SUPPLIED MATERIAL section start
(* Let $G$ be a group, $s$ a central involution of $G$, $T$ a finite tree with at least one edge, and $\zeta\in G(L(T))$. Then there exists a $G$-phase $H$ of $T$ with $\Psi_L(H)=\zeta$ if and only if $\zeta\sim\mathbf{s}$.
   Context: A $G$-gain graph $(\Gamma,\psi)$ consists of a graph $\Gamma=(V_\Gamma,E_\Gamma)$ and a map $\psi$ assigning to each ordered pair $(u,v)$ of adjacent vertices an element of $G$ with $\psi(v,u)=\psi(u,v)^{-1}$; $G(\Gamma)$ is the set of such maps. For an involution $s$, $\mathbf{s}$ is the gain function constantly equal to $s$. Gain functions $\psi_1,\psi_2$ on $\Gamma$ are switching equivalent ($\psi_1\sim\psi_2$) if there is $f:V_\Gamma\to G$ with $\psi_2(u,v)=f(u)^{-1}\psi_1(u,v)f(v)$ for all adjacent $u,v$. The line graph $L(\Gamma)$ has vertex set $E_\Gamma$, two edges being adjacent iff they share an endpoint. With $V_\Gamma=\{v_1,\dots,v_n\}$, $E_\Gamma=\{e_1,\dots,e_m\}$, a $G$-phase of $\Gamma$ is a matrix $H=(H_{i,k})$ with $H_{i,k}\in G$ if $v_i\in e_k$ and $H_{i,k}=0$ otherwise. Given a fixed central involution $s$ of $G$, $\Psi_L(H)\in G(L(\Gamma))$ is defined by $\Psi_L(H)(e_p,e_q)=s\,(H_{r,p})^{-1}H_{r,q}$, where $v_r$ is the common endpoint of the adjacent edges $e_p,e_q$. *)

theory Defs
  imports "HOL-Algebra.Group"
begin

definition simple_graph :: "'v set \<Rightarrow> 'v set set \<Rightarrow> bool" where
  "simple_graph V E \<longleftrightarrow> (\<forall>e\<in>E. \<exists>u v. e = {u, v} \<and> u \<noteq> v \<and> u \<in> V \<and> v \<in> V)"

definition graph_adj :: "'v set set \<Rightarrow> 'v \<Rightarrow> 'v \<Rightarrow> bool" where
  "graph_adj E u v \<longleftrightarrow> u \<noteq> v \<and> {u, v} \<in> E"

definition graph_connected :: "'v set \<Rightarrow> 'v set set \<Rightarrow> bool" where
  "graph_connected V E \<longleftrightarrow>
     (\<forall>u\<in>V. \<forall>v\<in>V. (u, v) \<in> {(x, y). graph_adj E x y}\<^sup>*)"

definition graph_has_cycle :: "'v set \<Rightarrow> 'v set set \<Rightarrow> bool" where
  "graph_has_cycle V E \<longleftrightarrow>
     (\<exists>cs. length cs \<ge> 3 \<and> distinct cs \<and> set cs \<subseteq> V \<and>
        (\<forall>i. Suc i < length cs \<longrightarrow> graph_adj E (cs ! i) (cs ! Suc i)) \<and>
        graph_adj E (last cs) (hd cs))"

definition finite_tree :: "'v set \<Rightarrow> 'v set set \<Rightarrow> bool" where
  "finite_tree V E \<longleftrightarrow> finite V \<and> V \<noteq> {} \<and> simple_graph V E \<and>
     graph_connected V E \<and> \<not> graph_has_cycle V E"

definition line_edges :: "'v set set \<Rightarrow> 'v set set set" where
  "line_edges E = {{p, q} | p q. p \<in> E \<and> q \<in> E \<and> p \<noteq> q \<and> p \<inter> q \<noteq> {}}"

text \<open>The line graph L(V,E) has vertex set E and edge set line_edges E.\<close>

text \<open>A G-gain function on the graph (V,E): a map on ordered pairs of adjacent vertices
  with values in G and psi(v,u) = psi(u,v)^{-1}; by convention it is undefined
  on non-adjacent pairs (so that gain functions are determined by their values on
  adjacent pairs).\<close>
definition gain_functions :: "('g, 'b) monoid_scheme \<Rightarrow> 'v set set \<Rightarrow> ('v \<Rightarrow> 'v \<Rightarrow> 'g) set" where
  "gain_functions G E = {\<psi>. (\<forall>u v. graph_adj E u v \<longrightarrow>
        \<psi> u v \<in> carrier G \<and> \<psi> v u = inv\<^bsub>G\<^esub> (\<psi> u v)) \<and>
      (\<forall>u v. \<not> graph_adj E u v \<longrightarrow> \<psi> u v = undefined)}"

definition const_gain :: "'v set set \<Rightarrow> 'g \<Rightarrow> 'v \<Rightarrow> 'v \<Rightarrow> 'g" where
  "const_gain E s = (\<lambda>u v. if graph_adj E u v then s else undefined)"

definition switching_equiv ::
  "('g, 'b) monoid_scheme \<Rightarrow> 'v set \<Rightarrow> 'v set set \<Rightarrow> ('v \<Rightarrow> 'v \<Rightarrow> 'g) \<Rightarrow> ('v \<Rightarrow> 'v \<Rightarrow> 'g) \<Rightarrow> bool" where
  "switching_equiv G V E \<psi>1 \<psi>2 \<longleftrightarrow>
     (\<exists>f. (\<forall>v\<in>V. f v \<in> carrier G) \<and>
        (\<forall>u v. graph_adj E u v \<longrightarrow> \<psi>2 u v = inv\<^bsub>G\<^esub> (f u) \<otimes>\<^bsub>G\<^esub> \<psi>1 u v \<otimes>\<^bsub>G\<^esub> f v))"

text \<open>A G-phase of (V,E) is an incidence-indexed matrix H: H v e \<in> G whenever v \<in> e
  (v \<in> V, e \<in> E).  The zero entries (v \<notin> e) play no role and are left unconstrained.\<close>
definition G_phase :: "('g, 'b) monoid_scheme \<Rightarrow> 'v set \<Rightarrow> 'v set set \<Rightarrow> ('v \<Rightarrow> 'v set \<Rightarrow> 'g) \<Rightarrow> bool" where
  "G_phase G V E H \<longleftrightarrow> (\<forall>v\<in>V. \<forall>e\<in>E. v \<in> e \<longrightarrow> H v e \<in> carrier G)"

definition Psi_L :: "('g, 'b) monoid_scheme \<Rightarrow> 'g \<Rightarrow> 'v set set \<Rightarrow> ('v \<Rightarrow> 'v set \<Rightarrow> 'g) \<Rightarrow> 'v set \<Rightarrow> 'v set \<Rightarrow> 'g" where
  "Psi_L G s E H = (\<lambda>p q. if graph_adj (line_edges E) p q then
       (let r = (THE r. r \<in> p \<inter> q) in s \<otimes>\<^bsub>G\<^esub> inv\<^bsub>G\<^esub> (H r p) \<otimes>\<^bsub>G\<^esub> H r q)
     else undefined)"

definition central_involution :: "('g, 'b) monoid_scheme \<Rightarrow> 'g \<Rightarrow> bool" where
  "central_involution G s \<longleftrightarrow> s \<in> carrier G \<and> s \<noteq> \<one>\<^bsub>G\<^esub> \<and> s \<otimes>\<^bsub>G\<^esub> s = \<one>\<^bsub>G\<^esub> \<and>
     (\<forall>g\<in>carrier G. s \<otimes>\<^bsub>G\<^esub> g = g \<otimes>\<^bsub>G\<^esub> s)"

end

theory Submission
  imports Defs "HOL-Library.Transitive_Closure_Table"
begin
SUPPLIED MATERIAL section end
# DIRECTIONS
Show every line in the entries where the string "values" occurs.

# EXERCISE RESPONSE
  with values in G and psi(v,u) = psi(u,v)^{-1}; by convention it is undefined
  on non-adjacent pairs (so that gain functions are determined by their values on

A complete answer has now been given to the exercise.